Output all records exactly.

**PROVIDED MATERIAL**:
==*==
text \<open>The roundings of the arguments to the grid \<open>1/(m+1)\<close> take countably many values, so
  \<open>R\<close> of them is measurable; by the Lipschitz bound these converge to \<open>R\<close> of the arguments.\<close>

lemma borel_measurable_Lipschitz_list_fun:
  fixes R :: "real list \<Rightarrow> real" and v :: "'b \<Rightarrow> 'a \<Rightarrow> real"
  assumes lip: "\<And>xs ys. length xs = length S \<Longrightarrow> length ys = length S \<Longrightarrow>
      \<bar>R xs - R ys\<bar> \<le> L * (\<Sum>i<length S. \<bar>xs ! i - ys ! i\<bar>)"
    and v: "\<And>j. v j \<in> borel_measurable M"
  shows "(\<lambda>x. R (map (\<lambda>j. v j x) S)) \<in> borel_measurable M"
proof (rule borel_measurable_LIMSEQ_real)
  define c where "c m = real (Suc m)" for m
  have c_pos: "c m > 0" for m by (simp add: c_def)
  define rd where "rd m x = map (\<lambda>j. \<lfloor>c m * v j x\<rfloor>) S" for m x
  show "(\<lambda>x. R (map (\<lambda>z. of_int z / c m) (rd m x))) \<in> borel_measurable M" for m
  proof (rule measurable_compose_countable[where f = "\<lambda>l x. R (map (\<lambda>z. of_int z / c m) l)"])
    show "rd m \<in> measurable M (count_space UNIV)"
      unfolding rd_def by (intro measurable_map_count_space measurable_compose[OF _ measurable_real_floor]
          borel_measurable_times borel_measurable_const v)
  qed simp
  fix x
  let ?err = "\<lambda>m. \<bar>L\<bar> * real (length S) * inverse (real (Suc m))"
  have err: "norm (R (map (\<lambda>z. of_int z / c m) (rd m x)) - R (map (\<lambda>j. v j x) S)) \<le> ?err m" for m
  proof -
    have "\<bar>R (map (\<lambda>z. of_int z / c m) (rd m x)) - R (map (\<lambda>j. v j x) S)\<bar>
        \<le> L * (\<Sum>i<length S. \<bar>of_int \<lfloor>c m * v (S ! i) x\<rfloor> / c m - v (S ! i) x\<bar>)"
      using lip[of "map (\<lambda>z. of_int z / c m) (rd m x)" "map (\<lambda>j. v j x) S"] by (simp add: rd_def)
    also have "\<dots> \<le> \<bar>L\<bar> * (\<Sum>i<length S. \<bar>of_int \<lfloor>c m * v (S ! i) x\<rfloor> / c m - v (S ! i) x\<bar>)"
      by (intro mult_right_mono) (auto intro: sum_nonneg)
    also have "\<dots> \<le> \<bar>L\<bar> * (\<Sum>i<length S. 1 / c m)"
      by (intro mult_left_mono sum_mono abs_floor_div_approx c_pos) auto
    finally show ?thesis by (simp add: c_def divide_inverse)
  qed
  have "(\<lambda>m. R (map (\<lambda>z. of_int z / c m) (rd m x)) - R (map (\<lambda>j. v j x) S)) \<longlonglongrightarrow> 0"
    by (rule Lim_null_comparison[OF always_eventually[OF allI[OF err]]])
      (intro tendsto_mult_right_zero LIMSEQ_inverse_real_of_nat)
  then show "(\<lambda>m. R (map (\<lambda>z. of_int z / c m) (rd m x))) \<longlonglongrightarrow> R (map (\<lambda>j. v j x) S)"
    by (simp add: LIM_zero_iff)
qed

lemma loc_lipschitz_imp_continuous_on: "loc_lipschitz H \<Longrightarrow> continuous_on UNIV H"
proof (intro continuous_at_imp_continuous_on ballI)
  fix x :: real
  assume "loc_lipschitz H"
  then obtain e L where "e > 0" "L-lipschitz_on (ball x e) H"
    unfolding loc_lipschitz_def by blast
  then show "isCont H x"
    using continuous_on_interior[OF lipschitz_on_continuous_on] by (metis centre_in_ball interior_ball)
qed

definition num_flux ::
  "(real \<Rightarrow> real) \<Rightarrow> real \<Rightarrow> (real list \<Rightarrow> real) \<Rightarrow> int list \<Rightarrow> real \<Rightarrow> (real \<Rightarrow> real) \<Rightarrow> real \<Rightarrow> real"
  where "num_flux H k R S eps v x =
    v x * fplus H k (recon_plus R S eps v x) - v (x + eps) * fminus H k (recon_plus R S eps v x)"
==*==
**EXERCISE RESPONSE**:
text \<open>The roundings of the arguments to the grid \<open>1/(m+1)\<close> take countably many values, so
  \<open>R\<close> of them is measurable; by the Lipschitz bound these converge to \<open>R\<close> of the arguments.\<close>

lemma borel_measurable_Lipschitz_list_fun:
  fixes R :: "real list \<Rightarrow> real" and v :: "'b \<Rightarrow> 'a \<Rightarrow> real"
  assumes lip: "\<And>xs ys. length xs = length S \<Longrightarrow> length ys = length S \<Longrightarrow>
      \<bar>R xs - R ys\<bar> \<le> L * (\<Sum>i<length S. \<bar>xs ! i - ys ! i\<bar>)"
    and v: "\<And>j. v j \<in> borel_measurable M"
  shows "(\<lambda>x. R (map (\<lambda>j. v j x) S)) \<in> borel_measurable M"
proof (rule borel_measurable_LIMSEQ_real)
  define c where "c m = real (Suc m)" for m
  have c_pos: "c m > 0" for m by (simp add: c_def)
  define rd where "rd m x = map (\<lambda>j. \<lfloor>c m * v j x\<rfloor>) S" for m x
  show "(\<lambda>x. R (map (\<lambda>z. of_int z / c m) (rd m x))) \<in> borel_measurable M" for m
  proof (rule measurable_compose_countable[where f = "\<lambda>l x. R (map (\<lambda>z. of_int z / c m) l)"])
    show "rd m \<in> measurable M (count_space UNIV)"
      unfolding rd_def by (intro measurable_map_count_space measurable_compose[OF _ measurable_real_floor]
          borel_measurable_times borel_measurable_const v)
  qed simp
  fix x
  let ?err = "\<lambda>m. \<bar>L\<bar> * real (length S) * inverse (real (Suc m))"
  have err: "norm (R (map (\<lambda>z. of_int z / c m) (rd m x)) - R (map (\<lambda>j. v j x) S)) \<le> ?err m" for m
  proof -
    have "\<bar>R (map (\<lambda>z. of_int z / c m) (rd m x)) - R (map (\<lambda>j. v j x) S)\<bar>
        \<le> L * (\<Sum>i<length S. \<bar>of_int \<lfloor>c m * v (S ! i) x\<rfloor> / c m - v (S ! i) x\<bar>)"
      using lip[of "map (\<lambda>z. of_int z / c m) (rd m x)" "map (\<lambda>j. v j x) S"] by (simp add: rd_def)
    also have "\<dots> \<le> \<bar>L\<bar> * (\<Sum>i<length S. \<bar>of_int \<lfloor>c m * v (S ! i) x\<rfloor> / c m - v (S ! i) x\<bar>)"
      by (intro mult_right_mono) (auto intro: sum_nonneg)
    also have "\<dots> \<le> \<bar>L\<bar> * (\<Sum>i<length S. 1 / c m)"
      by (intro mult_left_mono sum_mono abs_floor_div_approx c_pos) auto
    finally show ?thesis by (simp add: c_def divide_inverse)
  qed
  have "(\<lambda>m. R (map (\<lambda>z. of_int z / c m) (rd m x)) - R (map (\<lambda>j. v j x) S)) \<longlonglongrightarrow> 0"
    by (rule Lim_null_comparison[OF always_eventually[OF allI[OF err]]])
      (intro tendsto_mult_right_zero LIMSEQ_inverse_real_of_nat)
  then show "(\<lambda>m. R (map (\<lambda>z. of_int z / c m) (rd m x))) \<longlonglongrightarrow> R (map (\<lambda>j. v j x) S)"
    by (simp add: LIM_zero_iff)
qed

lemma loc_lipschitz_imp_continuous_on: "loc_lipschitz H \<Longrightarrow> continuous_on UNIV H"
proof (intro continuous_at_imp_continuous_on ballI)
  fix x :: real
  assume "loc_lipschitz H"
  then obtain e L where "e > 0" "L-lipschitz_on (ball x e) H"
    unfolding loc_lipschitz_def by blast
  then show "isCont H x"
    using continuous_on_interior[OF lipschitz_on_continuous_on] by (metis centre_in_ball interior_ball)
qed

definition num_flux ::
  "(real \<Rightarrow> real) \<Rightarrow> real \<Rightarrow> (real list \<Rightarrow> real) \<Rightarrow> int list \<Rightarrow> real \<Rightarrow> (real \<Rightarrow> real) \<Rightarrow> real \<Rightarrow> real"
  where "num_flux H k R S eps v x =
    v x * fplus H k (recon_plus R S eps v x) - v (x + eps) * fminus H k (recon_plus R S eps v x)"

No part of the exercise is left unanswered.